→ Directions for this task: In the entries below, spot each line with the word "lemma" and copy it.

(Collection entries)
--*--

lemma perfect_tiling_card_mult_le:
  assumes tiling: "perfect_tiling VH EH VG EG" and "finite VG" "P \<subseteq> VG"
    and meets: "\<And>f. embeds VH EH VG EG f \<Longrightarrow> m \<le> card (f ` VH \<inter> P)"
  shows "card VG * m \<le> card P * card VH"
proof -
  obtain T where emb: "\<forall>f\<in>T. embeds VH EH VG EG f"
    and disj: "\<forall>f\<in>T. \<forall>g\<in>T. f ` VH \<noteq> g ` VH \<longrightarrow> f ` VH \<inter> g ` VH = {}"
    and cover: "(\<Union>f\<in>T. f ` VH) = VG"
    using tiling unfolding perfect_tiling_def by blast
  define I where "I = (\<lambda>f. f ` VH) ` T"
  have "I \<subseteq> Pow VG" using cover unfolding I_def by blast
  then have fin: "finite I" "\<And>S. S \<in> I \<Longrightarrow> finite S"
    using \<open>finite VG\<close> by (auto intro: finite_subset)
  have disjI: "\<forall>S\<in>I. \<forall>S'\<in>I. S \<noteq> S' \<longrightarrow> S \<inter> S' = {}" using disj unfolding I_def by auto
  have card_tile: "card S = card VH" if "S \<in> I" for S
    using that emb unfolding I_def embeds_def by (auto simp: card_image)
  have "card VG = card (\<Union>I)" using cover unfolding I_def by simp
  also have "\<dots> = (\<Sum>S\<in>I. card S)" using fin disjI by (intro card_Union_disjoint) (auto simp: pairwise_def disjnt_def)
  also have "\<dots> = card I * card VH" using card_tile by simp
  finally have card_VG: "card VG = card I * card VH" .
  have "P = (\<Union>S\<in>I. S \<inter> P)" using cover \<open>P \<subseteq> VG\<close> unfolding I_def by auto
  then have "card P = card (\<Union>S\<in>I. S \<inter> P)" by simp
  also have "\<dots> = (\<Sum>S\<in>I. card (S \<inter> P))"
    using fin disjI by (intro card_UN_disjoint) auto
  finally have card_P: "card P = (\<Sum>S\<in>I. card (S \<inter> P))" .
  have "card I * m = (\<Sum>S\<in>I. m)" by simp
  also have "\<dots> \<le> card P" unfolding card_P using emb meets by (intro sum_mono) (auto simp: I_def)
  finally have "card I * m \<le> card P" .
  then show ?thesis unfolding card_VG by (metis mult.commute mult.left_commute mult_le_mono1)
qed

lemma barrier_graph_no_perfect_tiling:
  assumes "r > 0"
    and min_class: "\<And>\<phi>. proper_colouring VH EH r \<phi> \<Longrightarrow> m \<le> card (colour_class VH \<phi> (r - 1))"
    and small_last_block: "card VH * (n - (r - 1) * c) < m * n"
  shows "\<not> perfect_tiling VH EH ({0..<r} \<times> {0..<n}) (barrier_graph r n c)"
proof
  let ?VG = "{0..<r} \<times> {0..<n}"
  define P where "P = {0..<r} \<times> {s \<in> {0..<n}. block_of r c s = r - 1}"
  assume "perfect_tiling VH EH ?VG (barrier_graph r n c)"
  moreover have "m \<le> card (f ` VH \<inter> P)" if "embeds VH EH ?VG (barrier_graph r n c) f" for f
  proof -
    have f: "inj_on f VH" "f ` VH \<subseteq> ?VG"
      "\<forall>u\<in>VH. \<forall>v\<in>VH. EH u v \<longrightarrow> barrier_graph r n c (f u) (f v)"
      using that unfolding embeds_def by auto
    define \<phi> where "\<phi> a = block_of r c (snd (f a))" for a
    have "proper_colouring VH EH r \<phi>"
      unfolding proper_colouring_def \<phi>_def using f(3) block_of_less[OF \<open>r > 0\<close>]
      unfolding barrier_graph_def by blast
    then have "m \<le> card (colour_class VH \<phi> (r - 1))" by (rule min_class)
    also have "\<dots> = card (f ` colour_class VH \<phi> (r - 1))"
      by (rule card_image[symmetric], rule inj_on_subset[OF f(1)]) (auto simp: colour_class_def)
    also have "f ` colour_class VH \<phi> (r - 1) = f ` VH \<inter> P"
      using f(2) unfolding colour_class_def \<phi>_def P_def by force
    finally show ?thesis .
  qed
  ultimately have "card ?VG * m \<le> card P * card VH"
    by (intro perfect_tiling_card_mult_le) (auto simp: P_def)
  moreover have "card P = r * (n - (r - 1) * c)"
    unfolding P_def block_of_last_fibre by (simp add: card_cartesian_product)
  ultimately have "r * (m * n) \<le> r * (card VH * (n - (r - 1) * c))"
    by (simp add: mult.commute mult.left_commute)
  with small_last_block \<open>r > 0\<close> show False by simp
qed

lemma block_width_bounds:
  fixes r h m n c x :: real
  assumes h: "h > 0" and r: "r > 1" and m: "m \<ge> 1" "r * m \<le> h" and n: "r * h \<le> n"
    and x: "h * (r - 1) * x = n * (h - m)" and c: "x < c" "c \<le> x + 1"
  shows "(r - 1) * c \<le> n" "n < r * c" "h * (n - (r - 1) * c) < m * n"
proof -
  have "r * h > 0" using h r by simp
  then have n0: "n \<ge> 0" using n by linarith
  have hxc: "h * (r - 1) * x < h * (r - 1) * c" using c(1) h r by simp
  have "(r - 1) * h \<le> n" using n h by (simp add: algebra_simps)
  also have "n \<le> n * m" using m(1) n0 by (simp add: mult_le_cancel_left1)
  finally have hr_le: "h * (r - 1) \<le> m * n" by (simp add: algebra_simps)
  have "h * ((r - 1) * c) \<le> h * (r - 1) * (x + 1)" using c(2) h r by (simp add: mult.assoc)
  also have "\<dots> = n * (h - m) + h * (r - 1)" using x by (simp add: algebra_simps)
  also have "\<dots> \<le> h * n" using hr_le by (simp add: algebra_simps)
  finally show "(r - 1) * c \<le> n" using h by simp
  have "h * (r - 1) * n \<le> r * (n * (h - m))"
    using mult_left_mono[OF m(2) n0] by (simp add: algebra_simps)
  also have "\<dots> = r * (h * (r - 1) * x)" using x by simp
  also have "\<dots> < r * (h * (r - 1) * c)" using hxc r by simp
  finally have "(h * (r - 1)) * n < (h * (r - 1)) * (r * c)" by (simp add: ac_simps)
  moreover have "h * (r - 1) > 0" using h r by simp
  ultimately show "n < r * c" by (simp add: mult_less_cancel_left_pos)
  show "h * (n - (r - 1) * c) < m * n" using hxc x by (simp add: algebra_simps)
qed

--*--

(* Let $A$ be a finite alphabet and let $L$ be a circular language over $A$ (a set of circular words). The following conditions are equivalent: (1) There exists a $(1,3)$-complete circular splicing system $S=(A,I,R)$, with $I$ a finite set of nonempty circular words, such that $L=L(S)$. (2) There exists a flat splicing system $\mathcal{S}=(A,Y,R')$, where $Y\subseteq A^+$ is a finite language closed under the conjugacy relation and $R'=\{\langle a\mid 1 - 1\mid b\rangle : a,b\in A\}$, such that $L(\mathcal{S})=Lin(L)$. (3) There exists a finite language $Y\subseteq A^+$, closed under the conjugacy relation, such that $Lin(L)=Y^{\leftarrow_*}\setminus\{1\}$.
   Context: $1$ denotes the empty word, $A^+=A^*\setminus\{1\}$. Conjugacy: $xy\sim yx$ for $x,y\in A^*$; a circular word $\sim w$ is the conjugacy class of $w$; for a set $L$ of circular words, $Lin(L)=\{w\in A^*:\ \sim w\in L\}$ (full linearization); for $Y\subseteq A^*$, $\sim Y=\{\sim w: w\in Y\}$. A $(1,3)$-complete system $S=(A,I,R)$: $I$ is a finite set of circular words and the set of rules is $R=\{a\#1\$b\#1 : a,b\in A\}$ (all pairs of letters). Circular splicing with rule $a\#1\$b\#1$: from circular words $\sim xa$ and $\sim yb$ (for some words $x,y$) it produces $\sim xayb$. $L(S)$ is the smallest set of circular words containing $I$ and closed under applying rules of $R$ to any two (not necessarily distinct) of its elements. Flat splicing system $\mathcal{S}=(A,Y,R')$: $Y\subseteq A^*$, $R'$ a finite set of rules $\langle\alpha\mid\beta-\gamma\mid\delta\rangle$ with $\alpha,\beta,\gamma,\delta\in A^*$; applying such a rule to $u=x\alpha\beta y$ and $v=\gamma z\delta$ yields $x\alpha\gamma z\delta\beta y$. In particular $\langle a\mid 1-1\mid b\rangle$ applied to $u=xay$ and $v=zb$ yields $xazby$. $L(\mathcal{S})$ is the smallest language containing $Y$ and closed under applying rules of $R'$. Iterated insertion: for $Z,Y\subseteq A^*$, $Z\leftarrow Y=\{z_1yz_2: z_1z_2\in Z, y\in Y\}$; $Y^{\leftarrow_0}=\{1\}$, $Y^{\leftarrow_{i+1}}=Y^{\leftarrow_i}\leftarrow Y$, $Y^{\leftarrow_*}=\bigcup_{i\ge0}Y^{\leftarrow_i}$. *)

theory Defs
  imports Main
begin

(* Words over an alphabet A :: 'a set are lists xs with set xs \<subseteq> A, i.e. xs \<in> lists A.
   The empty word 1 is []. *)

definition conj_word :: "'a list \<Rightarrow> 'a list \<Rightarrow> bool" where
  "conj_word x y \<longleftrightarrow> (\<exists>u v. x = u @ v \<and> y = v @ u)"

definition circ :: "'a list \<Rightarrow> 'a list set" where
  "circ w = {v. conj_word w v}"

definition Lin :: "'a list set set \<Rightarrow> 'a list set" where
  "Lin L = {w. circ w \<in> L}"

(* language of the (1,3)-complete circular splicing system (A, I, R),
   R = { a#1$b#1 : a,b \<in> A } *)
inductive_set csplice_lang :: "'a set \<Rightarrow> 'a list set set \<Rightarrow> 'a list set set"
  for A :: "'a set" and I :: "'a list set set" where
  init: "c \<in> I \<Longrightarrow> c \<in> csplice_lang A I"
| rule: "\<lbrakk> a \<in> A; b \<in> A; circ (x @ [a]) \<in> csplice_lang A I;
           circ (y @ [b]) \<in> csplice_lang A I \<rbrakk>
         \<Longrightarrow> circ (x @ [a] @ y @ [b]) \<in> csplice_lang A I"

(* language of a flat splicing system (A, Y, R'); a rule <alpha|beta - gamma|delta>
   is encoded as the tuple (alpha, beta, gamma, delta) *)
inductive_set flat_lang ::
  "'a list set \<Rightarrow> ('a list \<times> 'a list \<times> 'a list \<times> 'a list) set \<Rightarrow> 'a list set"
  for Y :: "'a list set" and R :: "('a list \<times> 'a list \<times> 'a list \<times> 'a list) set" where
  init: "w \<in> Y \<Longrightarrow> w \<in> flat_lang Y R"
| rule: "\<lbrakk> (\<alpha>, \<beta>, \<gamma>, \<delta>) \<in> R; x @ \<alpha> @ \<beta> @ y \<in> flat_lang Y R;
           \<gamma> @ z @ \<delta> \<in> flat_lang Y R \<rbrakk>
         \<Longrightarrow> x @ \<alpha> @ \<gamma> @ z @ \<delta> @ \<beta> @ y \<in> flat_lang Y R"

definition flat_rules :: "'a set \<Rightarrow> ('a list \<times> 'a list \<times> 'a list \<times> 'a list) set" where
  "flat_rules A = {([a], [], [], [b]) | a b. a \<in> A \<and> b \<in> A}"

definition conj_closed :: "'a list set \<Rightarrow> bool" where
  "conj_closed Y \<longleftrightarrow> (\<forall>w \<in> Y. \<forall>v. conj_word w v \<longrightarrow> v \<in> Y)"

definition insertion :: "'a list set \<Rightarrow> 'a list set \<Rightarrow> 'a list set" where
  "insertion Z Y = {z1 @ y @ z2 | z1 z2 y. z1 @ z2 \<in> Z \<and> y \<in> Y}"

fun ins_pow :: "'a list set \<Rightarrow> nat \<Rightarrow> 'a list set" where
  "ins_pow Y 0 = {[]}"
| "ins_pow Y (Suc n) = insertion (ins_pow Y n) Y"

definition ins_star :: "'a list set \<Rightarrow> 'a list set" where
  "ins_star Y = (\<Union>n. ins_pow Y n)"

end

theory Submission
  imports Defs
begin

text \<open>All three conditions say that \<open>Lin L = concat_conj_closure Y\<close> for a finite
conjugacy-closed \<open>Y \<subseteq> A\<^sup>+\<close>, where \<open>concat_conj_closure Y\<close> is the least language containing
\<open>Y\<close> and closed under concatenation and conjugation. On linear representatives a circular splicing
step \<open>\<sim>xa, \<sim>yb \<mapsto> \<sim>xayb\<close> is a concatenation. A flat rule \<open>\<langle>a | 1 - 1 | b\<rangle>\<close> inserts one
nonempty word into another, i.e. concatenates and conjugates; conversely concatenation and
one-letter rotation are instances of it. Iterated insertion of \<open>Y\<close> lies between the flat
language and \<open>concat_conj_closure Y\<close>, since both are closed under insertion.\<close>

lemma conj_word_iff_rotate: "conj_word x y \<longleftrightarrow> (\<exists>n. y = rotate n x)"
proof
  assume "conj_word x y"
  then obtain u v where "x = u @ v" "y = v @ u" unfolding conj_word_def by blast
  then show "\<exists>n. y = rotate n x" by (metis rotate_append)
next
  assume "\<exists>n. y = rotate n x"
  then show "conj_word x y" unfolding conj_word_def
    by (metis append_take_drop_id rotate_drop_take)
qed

--*--

→ Solution:
lemma perfect_tiling_card_mult_le:
lemma barrier_graph_no_perfect_tiling:
lemma block_width_bounds:
lemma conj_word_iff_rotate: "conj_word x y \<longleftrightarrow> (\<exists>n. y = rotate n x)"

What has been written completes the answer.